WHAT THIS TASK INVOLVES >>
Of the entries below, return only those lines from the line with "Context: $e(u)=\exp(2\pi i" to the line with "j beta (a - b).", exactly, both included.

AVAILABLE RECORDS >>
+---+

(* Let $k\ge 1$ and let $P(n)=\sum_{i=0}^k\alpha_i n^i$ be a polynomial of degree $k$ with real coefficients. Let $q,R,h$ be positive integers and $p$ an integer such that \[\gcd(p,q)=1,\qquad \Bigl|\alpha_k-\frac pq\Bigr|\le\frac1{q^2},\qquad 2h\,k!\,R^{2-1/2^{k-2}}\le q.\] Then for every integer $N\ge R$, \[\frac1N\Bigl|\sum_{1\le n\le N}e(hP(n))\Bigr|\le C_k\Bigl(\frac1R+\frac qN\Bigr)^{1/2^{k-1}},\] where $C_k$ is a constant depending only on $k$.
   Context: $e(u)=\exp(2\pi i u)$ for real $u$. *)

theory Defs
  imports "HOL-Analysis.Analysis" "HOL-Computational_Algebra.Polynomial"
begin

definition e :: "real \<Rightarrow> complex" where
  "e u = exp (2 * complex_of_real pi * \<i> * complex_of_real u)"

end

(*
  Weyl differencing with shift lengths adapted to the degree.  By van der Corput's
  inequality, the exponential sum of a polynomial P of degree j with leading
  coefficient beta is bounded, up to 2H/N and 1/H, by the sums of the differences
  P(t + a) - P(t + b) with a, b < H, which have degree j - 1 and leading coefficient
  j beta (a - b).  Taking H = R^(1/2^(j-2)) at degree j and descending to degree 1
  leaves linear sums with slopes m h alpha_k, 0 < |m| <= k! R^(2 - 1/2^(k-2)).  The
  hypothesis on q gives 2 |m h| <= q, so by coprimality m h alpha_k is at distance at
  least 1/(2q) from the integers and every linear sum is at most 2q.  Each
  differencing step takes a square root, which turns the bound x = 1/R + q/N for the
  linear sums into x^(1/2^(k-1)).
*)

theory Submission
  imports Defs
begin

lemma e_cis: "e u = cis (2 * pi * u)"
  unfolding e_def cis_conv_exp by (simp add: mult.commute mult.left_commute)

+---+

WRITTEN ANSWER >>
   Context: $e(u)=\exp(2\pi i u)$ for real $u$. *)

theory Defs
  imports "HOL-Analysis.Analysis" "HOL-Computational_Algebra.Polynomial"
begin

definition e :: "real \<Rightarrow> complex" where
  "e u = exp (2 * complex_of_real pi * \<i> * complex_of_real u)"

end

(*
  Weyl differencing with shift lengths adapted to the degree.  By van der Corput's
  inequality, the exponential sum of a polynomial P of degree j with leading
  coefficient beta is bounded, up to 2H/N and 1/H, by the sums of the differences
  P(t + a) - P(t + b) with a, b < H, which have degree j - 1 and leading coefficient
  j beta (a - b).  Taking H = R^(1/2^(j-2)) at degree j and descending to degree 1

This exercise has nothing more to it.